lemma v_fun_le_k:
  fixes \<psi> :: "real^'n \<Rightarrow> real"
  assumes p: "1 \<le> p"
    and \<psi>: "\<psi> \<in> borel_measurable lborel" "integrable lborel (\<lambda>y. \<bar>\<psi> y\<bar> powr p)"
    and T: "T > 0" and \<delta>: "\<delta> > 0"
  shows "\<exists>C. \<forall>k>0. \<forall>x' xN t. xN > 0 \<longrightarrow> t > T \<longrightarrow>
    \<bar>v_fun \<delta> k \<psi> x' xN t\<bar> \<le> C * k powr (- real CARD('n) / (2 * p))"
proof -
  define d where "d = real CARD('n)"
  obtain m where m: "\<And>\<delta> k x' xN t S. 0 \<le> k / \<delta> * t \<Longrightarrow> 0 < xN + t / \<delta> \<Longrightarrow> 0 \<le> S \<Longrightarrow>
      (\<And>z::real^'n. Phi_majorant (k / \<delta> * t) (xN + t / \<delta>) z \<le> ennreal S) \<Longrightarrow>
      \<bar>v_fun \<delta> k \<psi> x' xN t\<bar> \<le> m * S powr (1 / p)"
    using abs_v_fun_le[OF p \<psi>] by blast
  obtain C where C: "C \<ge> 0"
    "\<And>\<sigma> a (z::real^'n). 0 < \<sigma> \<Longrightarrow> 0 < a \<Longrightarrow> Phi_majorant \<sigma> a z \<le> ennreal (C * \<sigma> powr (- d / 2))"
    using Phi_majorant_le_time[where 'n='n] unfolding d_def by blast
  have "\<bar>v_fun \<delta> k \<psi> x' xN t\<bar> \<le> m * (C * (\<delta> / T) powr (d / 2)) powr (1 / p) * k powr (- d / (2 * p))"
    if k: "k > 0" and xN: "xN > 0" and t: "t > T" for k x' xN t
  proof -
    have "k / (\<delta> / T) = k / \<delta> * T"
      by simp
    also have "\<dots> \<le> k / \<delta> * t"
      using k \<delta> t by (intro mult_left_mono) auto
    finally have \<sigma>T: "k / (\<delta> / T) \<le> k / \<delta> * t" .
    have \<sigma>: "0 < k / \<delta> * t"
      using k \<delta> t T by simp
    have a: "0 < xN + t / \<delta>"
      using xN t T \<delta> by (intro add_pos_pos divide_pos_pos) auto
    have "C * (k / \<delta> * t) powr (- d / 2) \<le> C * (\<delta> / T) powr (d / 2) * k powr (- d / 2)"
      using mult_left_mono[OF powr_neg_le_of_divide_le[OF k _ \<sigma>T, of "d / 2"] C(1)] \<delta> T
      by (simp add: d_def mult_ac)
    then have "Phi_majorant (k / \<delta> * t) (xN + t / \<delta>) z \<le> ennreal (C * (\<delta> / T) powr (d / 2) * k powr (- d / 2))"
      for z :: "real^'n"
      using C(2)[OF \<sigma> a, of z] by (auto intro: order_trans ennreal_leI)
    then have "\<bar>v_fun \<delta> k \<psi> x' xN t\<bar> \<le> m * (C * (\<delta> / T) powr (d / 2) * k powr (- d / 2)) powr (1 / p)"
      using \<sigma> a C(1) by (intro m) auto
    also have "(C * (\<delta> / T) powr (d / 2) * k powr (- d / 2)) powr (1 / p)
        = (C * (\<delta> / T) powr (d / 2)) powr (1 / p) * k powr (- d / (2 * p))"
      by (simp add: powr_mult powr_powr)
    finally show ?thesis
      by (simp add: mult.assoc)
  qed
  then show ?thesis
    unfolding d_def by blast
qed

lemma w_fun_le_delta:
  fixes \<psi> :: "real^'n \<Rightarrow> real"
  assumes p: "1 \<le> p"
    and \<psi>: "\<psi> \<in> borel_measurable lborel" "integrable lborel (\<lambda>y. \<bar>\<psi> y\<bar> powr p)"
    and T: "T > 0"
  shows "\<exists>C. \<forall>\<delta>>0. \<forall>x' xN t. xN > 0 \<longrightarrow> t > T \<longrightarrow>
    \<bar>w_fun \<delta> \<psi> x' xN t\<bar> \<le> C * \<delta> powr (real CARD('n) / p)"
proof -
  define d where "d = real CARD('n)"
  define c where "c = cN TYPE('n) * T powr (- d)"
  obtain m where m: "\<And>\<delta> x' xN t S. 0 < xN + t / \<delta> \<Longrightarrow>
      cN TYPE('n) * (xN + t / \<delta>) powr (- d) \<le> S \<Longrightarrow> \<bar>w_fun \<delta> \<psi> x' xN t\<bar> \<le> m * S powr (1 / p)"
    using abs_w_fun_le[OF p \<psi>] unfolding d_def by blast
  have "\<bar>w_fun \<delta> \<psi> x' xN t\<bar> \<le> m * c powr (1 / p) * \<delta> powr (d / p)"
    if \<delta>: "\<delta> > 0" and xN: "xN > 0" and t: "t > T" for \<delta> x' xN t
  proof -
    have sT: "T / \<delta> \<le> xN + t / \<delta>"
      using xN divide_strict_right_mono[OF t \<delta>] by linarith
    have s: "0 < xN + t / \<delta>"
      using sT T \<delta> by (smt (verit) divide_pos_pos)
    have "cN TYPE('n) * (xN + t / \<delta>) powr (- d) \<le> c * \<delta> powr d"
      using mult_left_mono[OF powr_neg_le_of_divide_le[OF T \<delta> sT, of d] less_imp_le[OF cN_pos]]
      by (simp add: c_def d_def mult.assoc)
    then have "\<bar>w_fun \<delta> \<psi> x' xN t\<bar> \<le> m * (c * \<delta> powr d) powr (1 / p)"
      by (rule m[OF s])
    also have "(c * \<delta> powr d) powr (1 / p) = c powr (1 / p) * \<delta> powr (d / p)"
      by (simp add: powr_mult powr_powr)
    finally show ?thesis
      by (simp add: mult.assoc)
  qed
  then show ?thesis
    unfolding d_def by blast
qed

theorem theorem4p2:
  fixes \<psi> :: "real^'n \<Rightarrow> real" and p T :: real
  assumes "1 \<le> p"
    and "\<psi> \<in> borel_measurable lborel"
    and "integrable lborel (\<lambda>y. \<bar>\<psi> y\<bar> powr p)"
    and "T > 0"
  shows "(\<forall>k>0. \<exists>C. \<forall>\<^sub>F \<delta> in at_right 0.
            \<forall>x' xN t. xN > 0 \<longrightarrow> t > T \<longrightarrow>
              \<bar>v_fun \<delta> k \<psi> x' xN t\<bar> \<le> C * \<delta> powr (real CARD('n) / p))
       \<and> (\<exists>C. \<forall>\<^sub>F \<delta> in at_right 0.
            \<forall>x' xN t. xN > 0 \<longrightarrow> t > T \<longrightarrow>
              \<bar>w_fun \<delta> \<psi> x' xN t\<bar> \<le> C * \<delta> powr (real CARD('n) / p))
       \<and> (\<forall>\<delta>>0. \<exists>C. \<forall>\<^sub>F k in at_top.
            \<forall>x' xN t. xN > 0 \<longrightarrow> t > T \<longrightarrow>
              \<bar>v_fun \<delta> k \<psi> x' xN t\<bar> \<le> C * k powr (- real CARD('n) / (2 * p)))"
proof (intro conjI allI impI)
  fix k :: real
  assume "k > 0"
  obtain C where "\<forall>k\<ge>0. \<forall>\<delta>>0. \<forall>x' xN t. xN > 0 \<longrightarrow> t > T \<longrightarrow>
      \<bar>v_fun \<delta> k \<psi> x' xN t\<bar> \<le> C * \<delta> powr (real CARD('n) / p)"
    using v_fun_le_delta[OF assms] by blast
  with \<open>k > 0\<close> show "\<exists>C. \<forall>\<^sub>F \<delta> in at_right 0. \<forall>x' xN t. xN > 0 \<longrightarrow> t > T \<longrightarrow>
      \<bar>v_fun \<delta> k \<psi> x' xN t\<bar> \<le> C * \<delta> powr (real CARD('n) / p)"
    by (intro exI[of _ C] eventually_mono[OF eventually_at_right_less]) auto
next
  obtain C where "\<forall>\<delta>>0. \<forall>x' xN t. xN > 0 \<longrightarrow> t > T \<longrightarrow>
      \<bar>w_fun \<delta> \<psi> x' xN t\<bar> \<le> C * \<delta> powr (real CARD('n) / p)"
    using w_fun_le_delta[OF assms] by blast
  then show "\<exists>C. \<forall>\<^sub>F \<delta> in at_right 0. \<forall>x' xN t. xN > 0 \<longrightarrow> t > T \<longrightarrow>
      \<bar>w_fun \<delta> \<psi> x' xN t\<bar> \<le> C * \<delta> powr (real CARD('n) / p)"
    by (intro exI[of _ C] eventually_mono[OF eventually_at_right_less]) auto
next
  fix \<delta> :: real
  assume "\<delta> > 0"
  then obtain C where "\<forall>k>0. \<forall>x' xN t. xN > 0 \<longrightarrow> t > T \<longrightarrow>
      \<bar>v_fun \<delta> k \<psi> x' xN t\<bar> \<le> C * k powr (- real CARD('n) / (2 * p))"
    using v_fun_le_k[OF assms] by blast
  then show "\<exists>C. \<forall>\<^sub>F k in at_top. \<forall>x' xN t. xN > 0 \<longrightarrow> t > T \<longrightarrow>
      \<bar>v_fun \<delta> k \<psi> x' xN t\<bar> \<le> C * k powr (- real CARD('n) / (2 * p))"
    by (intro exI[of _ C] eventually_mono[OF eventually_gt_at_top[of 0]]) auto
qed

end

☆ ☆ ☆ ☆ ☆ ☆ ☆

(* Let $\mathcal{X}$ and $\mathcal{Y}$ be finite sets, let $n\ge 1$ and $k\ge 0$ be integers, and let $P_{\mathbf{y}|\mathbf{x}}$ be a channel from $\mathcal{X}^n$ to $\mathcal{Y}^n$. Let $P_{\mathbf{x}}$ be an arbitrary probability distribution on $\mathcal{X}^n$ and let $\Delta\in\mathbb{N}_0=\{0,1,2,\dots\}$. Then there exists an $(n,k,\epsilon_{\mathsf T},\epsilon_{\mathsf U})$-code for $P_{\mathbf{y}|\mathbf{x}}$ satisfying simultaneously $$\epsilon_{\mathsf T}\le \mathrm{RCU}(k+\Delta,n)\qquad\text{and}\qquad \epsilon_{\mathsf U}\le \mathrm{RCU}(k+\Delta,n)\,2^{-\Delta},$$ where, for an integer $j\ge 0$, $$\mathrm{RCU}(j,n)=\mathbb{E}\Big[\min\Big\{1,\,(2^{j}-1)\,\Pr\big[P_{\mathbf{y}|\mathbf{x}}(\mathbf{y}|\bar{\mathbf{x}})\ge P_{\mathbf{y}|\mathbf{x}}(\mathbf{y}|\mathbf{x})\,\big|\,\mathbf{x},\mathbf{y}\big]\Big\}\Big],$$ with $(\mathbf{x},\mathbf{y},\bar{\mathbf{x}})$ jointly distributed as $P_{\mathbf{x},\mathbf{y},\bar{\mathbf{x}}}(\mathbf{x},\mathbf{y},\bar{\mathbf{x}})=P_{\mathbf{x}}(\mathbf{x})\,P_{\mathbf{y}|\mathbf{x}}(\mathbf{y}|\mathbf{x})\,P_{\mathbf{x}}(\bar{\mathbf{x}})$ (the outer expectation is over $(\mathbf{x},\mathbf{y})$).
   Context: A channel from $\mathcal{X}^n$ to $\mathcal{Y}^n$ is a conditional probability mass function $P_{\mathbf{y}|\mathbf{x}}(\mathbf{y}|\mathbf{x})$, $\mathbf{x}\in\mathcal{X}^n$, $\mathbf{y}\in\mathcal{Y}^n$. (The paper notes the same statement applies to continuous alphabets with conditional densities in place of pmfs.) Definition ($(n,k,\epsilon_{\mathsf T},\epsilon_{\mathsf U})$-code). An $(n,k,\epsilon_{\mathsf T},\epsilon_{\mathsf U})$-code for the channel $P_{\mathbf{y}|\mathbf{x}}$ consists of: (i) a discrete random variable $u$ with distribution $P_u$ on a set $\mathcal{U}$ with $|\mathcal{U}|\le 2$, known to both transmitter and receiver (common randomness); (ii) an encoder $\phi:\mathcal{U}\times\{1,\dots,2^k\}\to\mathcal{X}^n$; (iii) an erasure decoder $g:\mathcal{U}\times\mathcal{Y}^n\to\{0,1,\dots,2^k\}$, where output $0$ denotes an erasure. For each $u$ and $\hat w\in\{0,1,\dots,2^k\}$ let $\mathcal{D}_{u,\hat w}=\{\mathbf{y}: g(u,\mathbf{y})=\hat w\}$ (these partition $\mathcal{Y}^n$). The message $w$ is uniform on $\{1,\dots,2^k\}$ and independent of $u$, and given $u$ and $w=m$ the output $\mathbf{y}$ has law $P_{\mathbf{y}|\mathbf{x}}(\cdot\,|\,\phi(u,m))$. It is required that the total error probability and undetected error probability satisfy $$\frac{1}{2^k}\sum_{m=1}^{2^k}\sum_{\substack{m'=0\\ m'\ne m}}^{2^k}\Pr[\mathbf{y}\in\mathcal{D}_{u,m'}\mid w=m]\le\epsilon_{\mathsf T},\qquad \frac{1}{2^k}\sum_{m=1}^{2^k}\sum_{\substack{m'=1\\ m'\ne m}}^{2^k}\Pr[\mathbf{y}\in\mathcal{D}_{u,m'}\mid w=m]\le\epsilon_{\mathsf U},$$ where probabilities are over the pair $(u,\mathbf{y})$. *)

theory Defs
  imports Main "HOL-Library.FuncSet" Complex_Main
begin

☆ ☆ ☆ ☆ ☆ ☆ ☆

What is the number of lines in the listing that include "unfolding"? Answer with that number only.

4